But what can be the rational foundations of a new Faith in Freedom and Reason? This is the question we are seeking to answer in our series on "The Concept of Freedom". Enjoy!
[1] Hitherto our concern has been to separate philosophy from theology and
to establish the freedom to philosophize which this separation allows to
everyone. The time has now come to
enquire how far this freedom to think and to say what one thinks extends in the
best kind of state. To consider this in an orderly fashion, we must first
discuss the foundations of the state but, before we do that, we must explain,
without reference to the state and religion, the natural right (jus) which everyone possesses. (Spinoza,
Tractatus Theologico-Politicus, p.195)
It is surely no historical coincidence that the rise of capitalism in the last five hundred
years runs abreast with that of modern skepticism.
(See R. Popkin, The History of Scepticism
from Erasmus to Spinoza.) The rising European bourgeoisie needed to
question and undermine religious faith to the extent that such faith posed a
clear and imponent obstacle to the research and experimentation and the
elimination of old customs and traditions required to facilitate the relentless
advance of capitalist industrial production and distribution. The old faith of absolutist regimes needed to be
substituted with a new “marketplace of ideas” in which the “citizens” of the
new liberal nation-states based on parliamentary representation could argue,
discuss, debate and above all else
experiment to their hearts’ content, so long as the real marketplace of the
economy, subject to the scientific “laws of the self-regulating market”, was
left untouched by religious faith and other inhibitions and superstitions. (On all
this, see our “Descartes’s World”.)
In effect, the bourgeoisie could homologate, on one side,
the ideology of a technical-neutral economic science that could preserve
scientifically the expanded reproduction of bourgeois society and, on the other
side, the freedom of thought and of religious observance or faith by means of
the corresponding political neutrality
of the liberal State in the sphere of public opinion. This was then and remains to this day the essence of bourgeois liberalism – the belief that the
technical scientificity of the capitalist marketplace can ensure the efficient
reproduction of society – the Economics
– on one side, and the freedom of thought, of faith, and even of speech in the
public sphere – the Politics – with
the homologation of these very heterogeneous spheres – one scientific, Economic, and the other eminently Political – guaranteed osmotically by
the technical neutrality of the liberal State – the State of Law.

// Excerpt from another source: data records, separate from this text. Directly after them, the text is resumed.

lemma noetherian_local_unit:
  assumes noeth: "noetherian_ring R" and uniq: "\<forall>J. maximalideal J R \<longrightarrow> J = n"
    and x: "x \<in> carrier R" "x \<notin> n"
  shows "x \<in> Units R"
proof (rule ccontr)
  assume nu: "x \<notin> Units R"
  have "\<one> \<notin> PIdl x"
  proof
    assume "\<one> \<in> PIdl x"
    then obtain y where "y \<in> carrier R" "\<one> = y \<otimes> x" using cgenideal_mem_iff by blast
    then show False using nu x(1) m_comm unfolding Units_def by auto
  qed
  then obtain M where "maximalideal M R" "PIdl x \<subseteq> M"
    using noetherian_exists_maximalideal[OF noeth cgenideal_ideal[OF x(1)]] by blast
  then show False using uniq cgenideal_self[OF x(1)] x(2) by blast
qed

lemma ideal_pow_genideal_subset:
  assumes "finite G" "G \<subseteq> carrier R" "ideal K R" "\<forall>g\<in>G. \<exists>k::nat. g [^] k \<in> K"
  shows "\<exists>N. ideal_pow R (Idl G) N \<subseteq> K"
  using assms
proof (induct G rule: finite_induct)
  case empty
  have "ideal_pow R (Idl {}) 1 \<subseteq> K"
    using ideal_pow_one[OF genideal_ideal[of "{}"]] genideal_empty ideal_zero_mem[OF empty(2)] by simp
  then show ?case ..
next
  case (insert g G)
  have g: "g \<in> carrier R" and G: "G \<subseteq> carrier R" and K: "ideal K R" using insert by auto
  obtain q where q: "ideal_pow R (Idl G) q \<subseteq> K" using insert(3)[OF G K] insert(6) by blast
  obtain p :: nat where p: "g [^] p \<in> K" using insert(6) by blast
  let ?X = "PIdl g" and ?Y = "Idl G"
  have X: "ideal ?X R" and Y: "ideal ?Y R" and XY: "ideal (?X <+>\<^bsub>R\<^esub> ?Y) R"
    using cgenideal_ideal[OF g] genideal_ideal[OF G] add_ideals by auto
  have "ideal_pow R ?X p \<subseteq> K" using cgenideal_pow_subset[OF g, of p] cgenideal_minimal[OF K p] by blast
  then have "ideal_pow R (?X <+>\<^bsub>R\<^esub> ?Y) p \<subseteq> ?Y <+>\<^bsub>R\<^esub> K"
    using ideal_pow_sum_subset[OF X Y] set_add_mono[of _ K ?Y ?Y R] set_add_comm[of K ?Y]
      ideal_subset_carrier[OF K] ideal_subset_carrier[OF Y] by blast
  then have "ideal_pow R (?X <+>\<^bsub>R\<^esub> ?Y) (p * q) \<subseteq> ideal_pow R (?Y <+>\<^bsub>R\<^esub> K) q"
    using ideal_pow_mult[OF XY] ideal_pow_mono[OF ideal_pow_is_ideal[OF XY] add_ideals[OF Y K]] by simp
  also have "\<dots> \<subseteq> K"
    using ideal_pow_sum_subset[OF Y K] ideal_sum_least[OF K q subset_refl] by blast
  finally show ?case unfolding genideal_insert[OF g G] by blast
qed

The secret to the enduring and universal prescriptions,
appeal and legitimacy of Political
Economy, from Smith to Mill and beyond to the Neoclassics, was all here.
And it is precisely on this Political Economy homologating the scientific
sphere of Economics with the Political one of public opinion (freedom of
thought, of opinion, and of faith) that the liberal State was founded. The
technical-neutral legitimacy of the liberal State was based precisely on its
ability to secure the inflexible, authoritarian
scientific operation of capitalist
industry, on one hand, and the liberal
tolerance of divergent and conflicting views, opinions, ideas and faiths in
the political sphere. It was thus that the neat separation between economic base and ideological superstructure espoused and theorised even by the
sharpest critics of bourgeois liberal society (not least Karl Marx and Marxism tout court) could triumph unhindered and
unquestioned across the political spectrum from bourgeois conservatism to
proletarian socialism. Tolerance in
public opinion and absolute discipline
in the factory: these were and are the unspoken foundations of liberal
bourgeois society and of capitalist industry.
Spinoza’s earnest endeavor “to separate philosophy from
theology” must be situated in this politico-ideological spectrum whereby the
logico-scientific and instrumental reason of bourgeois industry and science
could be freed from the strictures of religious faith and other social customs
through the very skepticism that instrumental reason invokes to demolish all
unproven and unscientific beliefs and customs. - And therefore, in Spinoza’s
own symmetry, the separation of faith from reason is predicated on the skeptical
tenet that Reason does not rely on or indeed contain any elements of faith –
that the two are mutually exclusive. His
is perhaps the most veiled summation of the bourgeois “scientific” skepticism
that presents Reason as (a) almost exclusively instrumental reason (logical and
mathematical calculation), and therefore (b) as a negative critical tool to be
employed in the adjudication of open debate over opinions and beliefs, though
not faith itself which, ex hypothesi,
is entirely “separate” from and therefore incommensurable with reason itself.
In this regard, Spinoza’s novel approach to Reason and faith is ultimately an
attempt to promote tolerance in public debate by (i) removing faith from the
public sphere, and (ii) reassuring the citizens of the new bourgeois republics
in Holland and Britain that their State could act as a technico-neutral
institution to guarantee freedom of thought and speech in a “marketplace of
ideas” that could function only if the analogous and homologous real
marketplace of capitalist production could be left to its own
scientifically-established self-regulation.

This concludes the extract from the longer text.